3022 * Return any desired output.
3023 */
3024 if (needoutput || (tp->t_flags & TF_ACKNOW)) {
3025 KERNEL_LOCK(1, NULL);
3026 (void) tcp_output(tp);
3027 KERNEL_UNLOCK_ONE(NULL);
3028 }
3029 if (tcp_saveti)
3030 m_freem(tcp_saveti);
3031
>How-To-Repeat:
s/a
>Fix:
n/a
>Release-Note:
>Audit-Trail:
From: =?UTF-8?B?SmFyb23DrXIgRG9sZcSNZWs=?= <jaromir.dolecek@gmail.com>
To: gnats-bugs@netbsd.org
Cc:
Subject: Re: kern/51767: reproducable kernel stack overflow(?!)

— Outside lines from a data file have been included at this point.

lemma sum_higher_prime_powers_le:
  "(\<Sum>x\<in>{x \<in> (prime_power_pairs n :: ('a::{finite,field_gcd} poly \<times> nat) set). snd x * degree (fst x) = n \<and> snd x \<noteq> 1}.
      degree (fst x))
    \<le> n * ((n div 2 + 1) * (n + 1) * CARD('a) ^ (n div 2))"
proof -
  let ?B = "{x \<in> (prime_power_pairs n :: ('a poly \<times> nat) set). snd x * degree (fst x) = n \<and> snd x \<noteq> 1}"
  let ?U = "(\<Union>d\<le>n div 2. monics d :: 'a poly set) \<times> {..n}"
  have "?B \<subseteq> ?U"
  proof
    fix x
    assume "x \<in> ?B"
    then obtain P k where x: "x = (P, k)" "(P, k) \<in> ?B"
      by (cases x) auto
    then have "k * degree P = n" "2 \<le> k" "monic P" "1 \<le> degree P"
      by (auto simp: prime_power_pairs_def dest: irreducible_degree_pos)
    moreover from this have "2 * degree P \<le> n" "k \<le> n"
      by (metis mult_le_mono1, metis mult_le_mono2 nat_mult_1_right)
    ultimately show "x \<in> ?U"
      by (auto simp: x monics_def)
  qed
  then have "card ?B \<le> card ?U"
    by (intro card_mono) auto
  also have "\<dots> = card (\<Union>d\<le>n div 2. monics d :: 'a poly set) * (n + 1)"
    by (simp add: card_cartesian_product)
  also have "\<dots> \<le> (\<Sum>d\<le>n div 2. card (monics d :: 'a poly set)) * (n + 1)"
    by (intro mult_le_mono1 card_UN_le) simp
  also have "\<dots> \<le> (n div 2 + 1) * CARD('a) ^ (n div 2) * (n + 1)"
  proof (intro mult_le_mono1)
    have "1 \<le> CARD('a)"
      by (simp add: Suc_leI)
    then have "(\<Sum>d\<le>n div 2. card (monics d :: 'a poly set)) \<le> (\<Sum>d\<le>n div 2. CARD('a) ^ (n div 2))"
      by (intro sum_mono) (simp add: card_monics power_increasing)
    then show "(\<Sum>d\<le>n div 2. card (monics d :: 'a poly set)) \<le> (n div 2 + 1) * CARD('a) ^ (n div 2)"
      by simp
  qed
  finally have card_B: "card ?B \<le> (n div 2 + 1) * CARD('a) ^ (n div 2) * (n + 1)" .
  have "degree (fst x) \<le> n" if "x \<in> ?B" for x
  proof -
    from that have "1 \<le> snd x" "snd x * degree (fst x) = n"
      by (auto simp: prime_power_pairs_def)
    then show ?thesis
      using mult_le_mono1[of 1 "snd x" "degree (fst x)"] by simp
  qed
  then have "(\<Sum>x\<in>?B. degree (fst x)) \<le> card ?B * n"
    using sum_bounded_above[of ?B "\<lambda>x. degree (fst x)" n] by simp
  also have "\<dots> \<le> (n div 2 + 1) * CARD('a) ^ (n div 2) * (n + 1) * n"
    using card_B by (rule mult_le_mono1)
  finally show ?thesis
    by (simp add: algebra_simps)
qed

lemma card_irreducibles_bounds:
  assumes "n \<ge> 1"
  shows "n * card (irreducibles n :: 'a::{finite,field_gcd} poly set) \<le> CARD('a) ^ n"
    and "CARD('a) ^ n \<le> n * card (irreducibles n :: 'a poly set) + n * ((n div 2 + 1) * (n + 1) * CARD('a) ^ (n div 2))"
  using mangoldt_sum_split[of n, where 'a = 'a] sum_higher_prime_powers_le[of n, where 'a = 'a]
    mangoldt_sum_eq[OF assms, where 'a = 'a]
  by linarith+

section \<open>Asymptotics\<close>

lemma cubic_term_bounds:
  fixes q :: real and g :: nat
  assumes "q \<ge> 1" "g \<ge> 1"
  defines "T \<equiv> real g * (real g + 1) * (real g + 2) / 6 - real g * (real g - 1) * (real g - 2) / (6 * q)"
  shows "0 \<le> T" "T \<le> real g ^ 3"
proof -
  define x where "x = real g"
  define a where "a = x * (x - 1) * (x - 2) / 6"
  have x: "x \<ge> 1"
    using assms(2) by (simp add: x_def)
  have "0 \<le> (x - 1) * (x - 2)"
    using assms(2) by (cases "g = 1") (simp_all add: x_def)
  then have "0 \<le> a"
    using x by (simp add: a_def mult.assoc)
  moreover have "a / q \<le> a / 1"
    using calculation assms(1) by (intro divide_left_mono) simp_all
  ultimately have a: "0 \<le> a / q" "a / q \<le> a"
    using assms(1) by simp_all
  have T: "T = x * (x + 1) * (x + 2) / 6 - a / q"
    by (simp add: T_def a_def x_def)
  have "6 * a = x * (x - 1) * (x - 2)"
    by (simp add: a_def)
  then have "x * (x + 1) * (x + 2) / 6 - a = x\<^sup>2"
    by (simp add: power2_eq_square algebra_simps)
  then show "0 \<le> T"
    using a T zero_le_power2[of x] by linarith
  have "x * (x + 1) * (x + 2) = 6 * x ^ 3 - x * (x - 1) * (5 * x + 2)"
    by (simp add: power3_eq_cube algebra_simps)
  moreover have "0 \<le> x * (x - 1) * (5 * x + 2)"
    using x by simp
  ultimately have "T \<le> x ^ 3"
    using a T by linarith
  then show "T \<le> real g ^ 3"
    by (simp add: x_def)
qed

lemma cubic_term_minus_main_term:
  fixes q :: real and g :: nat
  assumes "q \<ge> 1" "g \<ge> 1"
  shows "\<bar>(real g * (real g + 1) * (real g + 2) / 6 - real g * (real g - 1) * (real g - 2) / (6 * q))
      - (1 - 1 / q) * (real g - 1) * real g * (2 * real g - 1) / 12\<bar> \<le> 2 * (real g)\<^sup>2"
    (is "\<bar>?d\<bar> \<le> _")
proof -
  define x where "x = real g"
  define r where "r = x * (x - 1) / q"
  define d where "d = ?d"
  have x: "x \<ge> 1"
    using assms(2) by (simp add: x_def)
  have "12 * d = 9 * x\<^sup>2 + 3 * x + 3 * r"
    using assms(1) by (simp add: d_def x_def r_def power2_eq_square field_simps)
  moreover have "0 \<le> r"
    using x assms(1) by (simp add: r_def)
  moreover have "r \<le> x * (x - 1)"
    unfolding r_def using x assms(1) divide_left_mono[of 1 q "x * (x - 1)"] by simp
  then have "r \<le> x\<^sup>2"
    using x by (simp add: power2_eq_square algebra_simps)
  moreover have "x \<le> x\<^sup>2"
    using x by (simp add: power2_eq_square)
  ultimately have "\<bar>d\<bar> \<le> 2 * x\<^sup>2"
    using x by linarith
  then show ?thesis
    by (simp add: d_def x_def)
qed

lemma abs_mult_diff_mult_le:
  fixes N A T M E B D :: real
  assumes "\<bar>N - A\<bar> \<le> E" "0 \<le> T" "T \<le> B" "\<bar>T - M\<bar> \<le> D" "0 \<le> A"
  shows "\<bar>N * T - A * M\<bar> \<le> E * B + A * D"
proof -
  have "\<bar>N * T - A * M\<bar> = \<bar>(N - A) * T + A * (T - M)\<bar>"
    by (simp add: algebra_simps)
  also have "\<dots> \<le> \<bar>N - A\<bar> * T + A * \<bar>T - M\<bar>"
    using assms(2,5) abs_triangle_ineq[of "(N - A) * T" "A * (T - M)"] by (simp add: abs_mult)
  also have "\<dots> \<le> E * B + A * D"
    using assms by (intro add_mono mult_mono mult_left_mono) auto
  finally show ?thesis .
qed

lemma eventually_error_term_le:
  fixes q :: real
  assumes "q \<ge> 2"
  shows "eventually (\<lambda>g. (real g + 1) * (2 * real g + 2) * q ^ g * real g ^ 3
    \<le> q ^ (2 * g + 1) / real (2 * g + 1) * (real g)\<^sup>2) at_top"
proof -
  have "eventually (\<lambda>g::nat. (real g + 1) * (2 * real g + 2) * (2 * real g + 1) * real g \<le> 2 ^ (g + 1)) at_top"
    by real_asymp
  then show ?thesis
  proof eventually_elim
    case (elim g)
    have "(real g + 1) * (2 * real g + 2) * (2 * real g + 1) * real g \<le> q ^ (g + 1)"
      using elim power_mono[of 2 q "g + 1"] assms by linarith
    then have "(real g + 1) * (2 * real g + 2) * (2 * real g + 1) * real g * q ^ g \<le> q ^ (g + 1) * q ^ g"
      using assms by (intro mult_right_mono) simp_all
    also have "\<dots> = q ^ (2 * g + 1)"
      by (simp add: mult_2 flip: power_add)
    finally have "(real g + 1) * (2 * real g + 2) * (2 * real g + 1) * real g * q ^ g * ((real g)\<^sup>2 / real (2 * g + 1))
        \<le> q ^ (2 * g + 1) * ((real g)\<^sup>2 / real (2 * g + 1))"
      by (rule mult_right_mono) simp
    moreover have "(real g + 1) * (2 * real g + 2) * q ^ g * real g ^ 3
        = (real g + 1) * (2 * real g + 2) * (2 * real g + 1) * real g * q ^ g * ((real g)\<^sup>2 / real (2 * g + 1))"
      by (simp add: field_simps power2_eq_square power3_eq_cube add_nonneg_eq_0_iff)
    ultimately show ?case
      by (simp add: mult.commute)
  qed
qed

lemma card_irreducibles_approx:
  assumes "n \<ge> 1"
  shows "\<bar>real (card (irreducibles n :: 'a::{finite,field_gcd} poly set)) - real CARD('a) ^ n / real n\<bar>
    \<le> real ((n div 2 + 1) * (n + 1)) * real CARD('a) ^ (n div 2)"
proof -
  let ?N = "real (card (irreducibles n :: 'a poly set))" and ?q = "real CARD('a)"
    and ?E = "real ((n div 2 + 1) * (n + 1)) * real CARD('a) ^ (n div 2)"
  have "real n * ?N \<le> ?q ^ n" "?q ^ n \<le> real n * ?N + real n * ?E"
    using card_irreducibles_bounds[OF assms, where 'a = 'a]
    by (simp_all only: of_nat_le_iff flip: of_nat_mult of_nat_power of_nat_add)
  moreover have "real n > 0"
    using assms by simp
  ultimately show ?thesis
    by (simp add: abs_le_iff field_simps)
qed

lemma main_term_eq:
  fixes q :: real
  shows "(let q = q; absP = q ^ (2*g+1); logP = real (2*g+1);
             zeta2 = 1 / (1 - 1/q);
             h = real_of_int \<lfloor>(2 * real g - 1) / 2\<rfloor>
          in 1/12 * (1/zeta2) * (absP / logP) * h * (1 + h) * (1 + 2*h))
    = q ^ (2 * g + 1) / real (2 * g + 1) * ((1 - 1 / q) * (real g - 1) * real g * (2 * real g - 1) / 12)"
proof -
  have "\<lfloor>(2 * real g - 1) / 2\<rfloor> = int g - 1"
    by (rule floor_unique) (simp_all add: field_simps)
  then show ?thesis
    unfolding Let_def by simp
qed

lemma error_estimate:
  fixes q N :: real and g :: nat
  assumes "q \<ge> 1" "g \<ge> 1"
    and "\<bar>N - q ^ (2 * g + 1) / real (2 * g + 1)\<bar> \<le> (real g + 1) * (2 * real g + 2) * q ^ g"
    and "(real g + 1) * (2 * real g + 2) * q ^ g * real g ^ 3 \<le> q ^ (2 * g + 1) / real (2 * g + 1) * (real g)\<^sup>2"
  shows "\<bar>N * (real g * (real g + 1) * (real g + 2) / 6 - real g * (real g - 1) * (real g - 2) / (6 * q))
      - q ^ (2 * g + 1) / real (2 * g + 1) * ((1 - 1 / q) * (real g - 1) * real g * (2 * real g - 1) / 12)\<bar>
    \<le> 3 * (q ^ (2 * g + 1) / real (2 * g + 1) * (real g)\<^sup>2)"
proof -
  let ?A = "q ^ (2 * g + 1) / real (2 * g + 1)"
  have "\<bar>N * (real g * (real g + 1) * (real g + 2) / 6 - real g * (real g - 1) * (real g - 2) / (6 * q))
      - ?A * ((1 - 1 / q) * (real g - 1) * real g * (2 * real g - 1) / 12)\<bar>
    \<le> (real g + 1) * (2 * real g + 2) * q ^ g * real g ^ 3 + ?A * (2 * (real g)\<^sup>2)"
    using assms(1) by (intro abs_mult_diff_mult_le assms(3) cubic_term_bounds[OF assms(1,2)]
        cubic_term_minus_main_term[OF assms(1,2)]) simp
  also have "\<dots> \<le> 3 * (?A * (real g)\<^sup>2)"
    using assms(4) mult.left_commute[of ?A 2 "(real g)\<^sup>2"] by linarith
  finally show ?thesis .
qed

theorem proposition4p6:
  assumes "CARD('a::{finite,field_gcd}) mod 4 = 1"
  shows "(\<lambda>g::nat.
      (\<Sum>P\<in>{P::'a poly. monic P \<and> irreducible P \<and> degree P = 2*g+1}.
        \<Sum>f\<in>{f::'a poly. monic f \<and> degree f \<le> 2*g-1 \<and> is_monic_square f}.
          real_of_int (chi P f) * real (divisor_count f) / sqrt (pnorm f))
      - (let q = real CARD('a); absP = q ^ (2*g+1); logP = real (2*g+1);
             zeta2 = 1 / (1 - 1/q);
             h = real_of_int \<lfloor>(2 * real g - 1) / 2\<rfloor>
         in 1/12 * (1/zeta2) * (absP / logP) * h * (1 + h) * (1 + 2*h)))
    \<in> O(\<lambda>g::nat. real CARD('a) ^ (2*g+1) / real (2*g+1) * (real g)\<^sup>2)"
    (is "?E \<in> O(?B)")
proof -
  let ?q = "real CARD('a)"
  have "card {0 :: 'a, 1} \<le> CARD('a)"
    by (rule card_mono) simp_all
  then have q: "?q \<ge> 2"
    by simp
  have "eventually (\<lambda>g. norm (?E g) \<le> 3 * norm (?B g)) at_top"
    using eventually_error_term_le[OF q] eventually_ge_at_top[of 1]
  proof eventually_elim
    case (elim g)
    have "\<bar>real (card (irreducibles (2 * g + 1) :: 'a poly set)) - ?q ^ (2 * g + 1) / real (2 * g + 1)\<bar>
        \<le> (real g + 1) * (2 * real g + 2) * ?q ^ g"
      using card_irreducibles_approx[of "2 * g + 1", where 'a = 'a] by (simp add: algebra_simps)
    from error_estimate[of ?q g, OF _ elim(2) this elim(1)] show ?case
      using q sum_chi_divisor_count_monic_squares[OF elim(2), where 'a = 'a]
      unfolding main_term_eq by (simp add: irreducibles_def)
  qed
  then show ?thesis
    by (rule bigoI)
qed

end
lemma integral_split_at_tails:
  fixes F :: "real \<Rightarrow> 'a::banach"
  assumes "\<And>a b. F integrable_on {a..b}" "a \<le> - B" "B \<le> b" "0 \<le> B"
  shows "integral {a..b} F = integral {a..-B} F + integral {-B..B} F + integral {B..b} F"
proof -
  have "integral {a..-B} F + integral {-B..b} F = integral {a..b} F"
    using assms by (intro Henstock_Kurzweil_Integration.integral_combine) auto
  moreover have "integral {-B..B} F + integral {B..b} F = integral {-B..b} F"
    using assms by (intro Henstock_Kurzweil_Integration.integral_combine) auto
  ultimately show ?thesis
    by (simp add: add.assoc)
qed

lemma integrable_on_UNIV_if_integral_tails_le:
  fixes F :: "real \<Rightarrow> 'a::banach"
  assumes F_ivl: "\<And>a b. F integrable_on {a..b}"
    and tails: "\<And>e. e > 0 \<Longrightarrow> \<exists>B. integral_tails_le F B e"
  shows "F integrable_on UNIV"
proof (rule integrable_alt[THEN iffD2], intro conjI allI impI)
  show "(\<lambda>x. if x \<in> UNIV then F x else 0) integrable_on cbox a b" for a b
    using F_ivl by simp
  fix e :: real
  assume "e > 0"
  then obtain B where B: "integral_tails_le F B (e / 5)"
    using tails[of "e / 5"] by auto
  define R where "R = \<bar>B\<bar> + 1"
  show "\<exists>R>0. \<forall>a b c d. ball 0 R \<subseteq> cbox a b \<and> ball 0 R \<subseteq> cbox c d \<longrightarrow>
      norm (integral (cbox a b) (\<lambda>x. if x \<in> UNIV then F x else 0) -
            integral (cbox c d) (\<lambda>x. if x \<in> UNIV then F x else 0)) < e"
  proof (intro exI[of _ R] conjI allI impI)
    show "R > 0"
      unfolding R_def by simp
    fix a b c d :: real
    assume "ball 0 R \<subseteq> cbox a b \<and> ball 0 R \<subseteq> cbox c d"
    moreover have "\<bar>B\<bar> \<in> ball 0 R" "- \<bar>B\<bar> \<in> ball 0 R"
      unfolding R_def by auto
    ultimately have "\<bar>B\<bar> \<in> cbox a b" "- \<bar>B\<bar> \<in> cbox a b" "\<bar>B\<bar> \<in> cbox c d" "- \<bar>B\<bar> \<in> cbox c d"
      by blast+
    then have ab: "a \<le> - \<bar>B\<bar>" "\<bar>B\<bar> \<le> b" "c \<le> - \<bar>B\<bar>" "\<bar>B\<bar> \<le> d"
      by auto
    have small: "norm (integral {p..q} F) \<le> e / 5"
      if "\<bar>B\<bar> \<le> p \<and> p \<le> q \<or> p \<le> q \<and> q \<le> - \<bar>B\<bar>" for p q
      using B that unfolding integral_tails_le_def by force
    have "integral {a..b} F - integral {c..d} F =
        (integral {a..-\<bar>B\<bar>} F - integral {c..-\<bar>B\<bar>} F) + (integral {\<bar>B\<bar>..b} F - integral {\<bar>B\<bar>..d} F)"
      using integral_split_at_tails[OF F_ivl ab(1,2)] integral_split_at_tails[OF F_ivl ab(3,4)]
      by simp
    also have "norm \<dots> \<le> (e / 5 + e / 5) + (e / 5 + e / 5)"
      using ab by (intro norm_triangle_le add_mono norm_triangle_ineq4[THEN order_trans] small) auto
    finally show "norm (integral (cbox a b) (\<lambda>x. if x \<in> UNIV then F x else 0) -
        integral (cbox c d) (\<lambda>x. if x \<in> UNIV then F x else 0)) < e"
      using \<open>e > 0\<close> by simp
  qed
qed

lemma norm_integral_symmetric_interval_diff_le:
  fixes F :: "real \<Rightarrow> 'a::banach"
  assumes F: "F integrable_on UNIV" and tails: "integral_tails_le F B e"
    and "B \<le> m" "0 \<le> m"
  shows "norm (integral {-m..m} F - integral UNIV F) \<le> 2 * e"
proof (rule field_le_epsilon)
  fix \<epsilon> :: real
  assume "\<epsilon> > 0"
  have F_ivl: "F integrable_on {a..b}" for a b
    using integrable_on_subinterval[OF F] by simp
  obtain R where R: "\<And>a b. ball 0 R \<subseteq> cbox a b \<Longrightarrow> norm (integral (cbox a b) F - integral UNIV F) < \<epsilon>"
    using has_integral_alt'[of F, THEN iffD1, OF integrable_integral[OF F]] \<open>\<epsilon> > 0\<close> by force
  define M where "M = max m \<bar>R\<bar>"
  have "ball 0 R \<subseteq> cbox (-M) M"
    unfolding M_def by (force simp: dist_real_def)
  then have "norm (integral {-M..M} F - integral UNIV F) < \<epsilon>"
    using R by simp
  moreover have "norm (integral {-M..-m} F) \<le> e" "norm (integral {m..M} F) \<le> e"
    using tails \<open>B \<le> m\<close> unfolding integral_tails_le_def M_def by auto
  moreover have "integral {-m..m} F - integral UNIV F =
      (integral {-M..M} F - integral UNIV F) - integral {-M..-m} F - integral {m..M} F"
    using integral_split_at_tails[OF F_ivl, of "-M" m M] \<open>0 \<le> m\<close> unfolding M_def by simp
  ultimately show "norm (integral {-m..m} F - integral UNIV F) \<le> 2 * e + \<epsilon>"
    by (smt (verit) norm_triangle_ineq4)
qed

section \<open>Fourier integrals of functions in \<open>L\<^sup>1 + BV\<^sub>0\<close>\<close>

definition fourier_integral :: "real set \<Rightarrow> (real \<Rightarrow> real) \<Rightarrow> real \<Rightarrow> complex" where
  "fourier_integral S \<phi> s = integral S (\<lambda>x. fourier_kernel s x * complex_of_real (\<phi> x))"

lemma absolutely_integrable_continuous_mult:
  fixes w :: "real \<Rightarrow> complex" and \<phi> :: "real \<Rightarrow> real"
  assumes "continuous_on {p..q} w" "\<phi> absolutely_integrable_on {p..q}"
  shows "(\<lambda>x. w x * complex_of_real (\<phi> x)) absolutely_integrable_on {p..q}"
proof -
  have "bilinear (\<lambda>(c::complex) (r::real). c * complex_of_real r)"
    unfolding bilinear_def by (auto intro!: linearI simp: algebra_simps scaleR_conv_of_real)
  moreover have "w \<in> borel_measurable (lebesgue_on {p..q})"
    using assms(1) by (rule continuous_imp_measurable_on_sets_lebesgue) auto
  moreover have "bounded (w ` {p..q})"
    using assms(1) by (intro compact_imp_bounded compact_continuous_image) auto
  ultimately show ?thesis
    using absolutely_integrable_bounded_measurable_product[of _ w "{p..q}" \<phi>] assms(2) by auto
qed

lemma fourier_integrand_integrable_on_interval:
  assumes "\<phi> absolutely_integrable_on {p..q}"
  shows "(\<lambda>x. fourier_kernel s x * complex_of_real (\<phi> x)) integrable_on {p..q}"
  using absolutely_integrable_continuous_mult[OF _ assms, of "fourier_kernel s"]
  by (simp add: continuous_intros absolutely_integrable_on_def)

Date: Tue, 3 Jan 2017 16:13:39 +0100
Christos just fixed some off-by-one error in the general area, can you
check if that fixed this?
Jaromir
2017-01-03 16:10 GMT+01:00 <martin@netbsd.org>:
>>Number: 51767
>>Category: kern
>>Synopsis: reproducable kernel stack overflow(?!)
>>Confidential: no
>>Severity: critical
>>Priority: high
>>Responsible: kern-bug-people
>>State: open
>>Class: sw-bug
>>Submitter-Id: net
>>Arrival-Date: Tue Jan 03 15:10:00 +0000 2017
>>Originator: Martin Husemann
>>Release: NetBSD 7.99.54
>>Organization:
> The NetBSD Foundation, Inc.
>>Environment:
> System: NetBSD night-owl.duskware.de 7.99.53 NetBSD 7.99.53 (NIGHT-OWL) #450: Wed Dec 28 12:18:50 CET 2016 martin@night-owl.duskware.de:/usr/src/sys/arch/amd64/compile/NIGHT-OWL amd64
> Architecture: x86_64
> Machine: amd64
>
> ... but the crash happens with a newer .54 kernel!
>
>>Description:
>
> ssh'ing to a machine that still has the SACK bug which recently got fixed
> (not sure if this is relevant) and doing a cvs update there crashes
> my machine ~instantly.
>
> stack overflow detected; terminated
> ...
> vpanic()
> snprintf()
> ssp_init()
> tcp_output()+0x231e
> tcp_input()+0x10b2
> ipintr()
>
> and the source lines are:
> 0xffffffff804f11d8 is in tcp_output (../../../../netinet/tcp_output.c:592).
> 587 #endif
> 588 uint64_t *tcps;
> 589
> 590 #ifdef DIAGNOSTIC
> 591 if (tp->t_inpcb && tp->t_in6pcb)
> 592 panic("tcp_output: both t_inpcb and t_in6pcb are set");
> 593 #endif
> 594 so = NULL;
> 595 ro = NULL;
> 596 if (tp->t_inpcb) {
>
> 0xffffffff804ecabc is in tcp_input (../../../../netinet/tcp_input.c:3027).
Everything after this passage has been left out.